Помню, наш дом всегда был открыт для людей. А после войны он прямо походил на общежитие. Разговорилась в автобусе мама с одной женщиной. Узнала, что та вернулась из эвакуации, а дом ее разрушен. Муж погиб на фронте. Она одна-одинешенька. И случайная попутчица поселилась у нас, прожив до тех пор, пока не устроилась на работу и не получила жилье. Однажды мама привела домой девочку-подростка. После войны по улицам городов бродило немало беспризорных сирот. Долго отмывала девочку в ванной, чесала волосы густым гребешком и смазывала их керосином — единственным тогда средством против вшей. Мама перешила на ее хрупкую фигурку несколько своих платьев, а ее грязное тряпье сожгла в печке. Девочка жила у нас, пока мама не устроила ее в ремесленное училище, при котором было общежитие.

Отзывчивость, участливость — нет, это не вторая натура, а самая что ни на есть первая натура мамы, нечто само собой разумеющееся.
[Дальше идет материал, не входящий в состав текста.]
theorem mainTheorem4:
  fixes X :: "'a::euclidean_space set"
    and f Psi :: "'a \<Rightarrow> real"
    and R M_Psi vs :: real
    and beta :: "nat \<Rightarrow> real"
    and M :: "'w measure"
    and eps :: "nat \<Rightarrow> 'w \<Rightarrow> real"
    and T0 :: nat
    and xinit :: "nat \<Rightarrow> 'a"
  assumes A1: "compact X" "convex X" "interior X \<noteq> {}"
    and A2: "continuous_on X f"
    and A3: "\<forall>z. 0 \<le> Psi z" "{z. Psi z \<noteq> 0} \<subseteq> cball 0 R" "isCont Psi 0"
            "Psi 0 > 0" "\<forall>z. Psi z \<le> M_Psi"
    and A4: "prob_space M" "prob_space.indep_vars M (\<lambda>_. borel) eps UNIV"
            "\<forall>t. integrable M (eps t) \<and> (\<integral>\<omega>. eps t \<omega> \<partial>M) = 0"
            "vs > 0" "\<forall>t. sub_gaussian M (eps t) vs"
    and beta: "\<forall>t. beta t > 0" "filterlim beta at_top sequentially"
    and init: "T0 \<ge> 1" "\<forall>i<T0. xinit i \<in> X"
  shows
    "(\<forall>l>0. \<forall>x. boke_run M X f Psi beta (\<lambda>_. l) T0 xinit eps x \<longrightarrow>
        (AE \<omega> in M. (INF t\<in>{1..}. fill_distance X ((\<lambda>i. x i \<omega>) ` {..<t})) \<le> R * l))
     \<and>
     (\<exists>ls. (\<forall>t. ls t > 0) \<and> ls \<longlonglongrightarrow> 0 \<and>
        (\<forall>x. boke_run M X f Psi beta ls T0 xinit eps x \<longrightarrow>
          (AE \<omega> in M. (INF t\<in>{1..}. fill_distance X ((\<lambda>i. x i \<omega>) ` {..<t})) = 0)))"
proof -
  have X: "compact X" "X \<noteq> {}" using A1(1) init by auto
  obtain r where r: "r > 0" "\<forall>y. norm y < r \<longrightarrow> Psi y \<noteq> 0"
    using continuous_at_avoid[OF A3(3), of 0] A3(4) by (force simp: dist_0_norm)
  have "\<forall>k. \<exists>N. \<forall>S. S \<subseteq> X \<longrightarrow> pairwise (\<lambda>x y. r * inverse (real (Suc k)) \<le> dist x y) S
                      \<longrightarrow> card S \<le> N"
    using compact_separated_card_bounded[OF X(1)] r(1) by simp
  then obtain N where N: "\<And>k S. S \<subseteq> X \<Longrightarrow> pairwise (\<lambda>x y. r * inverse (real (Suc k)) \<le> dist x y) S
                            \<Longrightarrow> card S \<le> N k"
    by (metis choice)
  obtain ls where ls: "\<forall>t. ls t > 0" "ls \<longlonglongrightarrow> 0"
    and blocks: "\<And>k. \<exists>a\<ge>T0. \<forall>t\<in>{a..a + N k}. ls t = inverse (real (Suc k))"
    using bandwidth_schedule_exists[of T0 N] by blast
  have "AE \<omega> in M. (INF t\<in>{1..}. fill_distance X ((\<lambda>i. x i \<omega>) ` {..<t})) \<le> R * l"
    if "l > 0" "boke_run M X f Psi beta (\<lambda>_. l) T0 xinit eps x" for l x
  proof -
    obtain N where N: "\<And>S. S \<subseteq> X \<Longrightarrow> pairwise (\<lambda>x y. r * l \<le> dist x y) S \<Longrightarrow> card S \<le> N"
      using compact_separated_card_bounded[OF X(1)] r(1) \<open>l > 0\<close> by (metis mult_pos_pos)
    show ?thesis
      using boke_run_INF_fill_distance_le[OF X A3(1,2) r beta(1) that(2) _ init(1) order_refl \<open>l > 0\<close> _ N]
      by (intro AE_I2) simp
  qed
  moreover have "AE \<omega> in M. (INF t\<in>{1..}. fill_distance X ((\<lambda>i. x i \<omega>) ` {..<t})) = 0"
    if "boke_run M X f Psi beta ls T0 xinit eps x" for x
    using boke_run_INF_fill_distance_eq_0[OF X A3(1,2) r beta(1) that _ init(1) N blocks] by (intro AE_I2)
  ultimately show ?thesis using ls by blast
qed

end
Нередко эти качества вызывали ответные добрые чувства. Они-то и породнили нас с семьей Косык из села Любень Великий. Это очень трогательная история.

Август 1944 года. Львов освобожден от фашистских войск. Мама, бабушка и я с братом вернулись во Львов из эвакуации. До войны мы жили на улице Супинского — ныне Коцюбинского. Квартиру нашу заняли какие-то люди, и мы поселились на улице Зеленой в доме 45. На первом этаже дома располагалось воинское подразделение, а во дворе размещались гаражи. Помню, по улицам понуро брели колоны военнопленных немцев. Вид у них был жалкий. Я, шестилетняя девочка, почему-то не чувствовала к ним ненависти, хотя знала, что немцы убили моего отца и расстреляли тетю с ее маленьким сынишкой. На Западную Украину из Сибири и Урала стало прибывать промышленное оборудование для восстановления и строительства фабрик и заводов. Для разгрузки вагонов требовались крепкие мужчины. Они получали бронь — освобождение от призыва в Красную Армию, а значит, и от фронта. Ведь война еще продолжалась. Маме поручили организацию разгрузки прибывающего оборудования. К ней как-то подошла беременная женщина, одетая по-сельски. За ее подол держался мальчонка.
— Пани, говорят, вы грузчиков набираете. Возьмите моего мужа на работу. Не может он сейчас в армию идти. Мне рожать скоро. Сынок вон совсем маленький. Родители старые и больные. Помогите, пани. Вдруг убьют его на войне, что мне тогда делать?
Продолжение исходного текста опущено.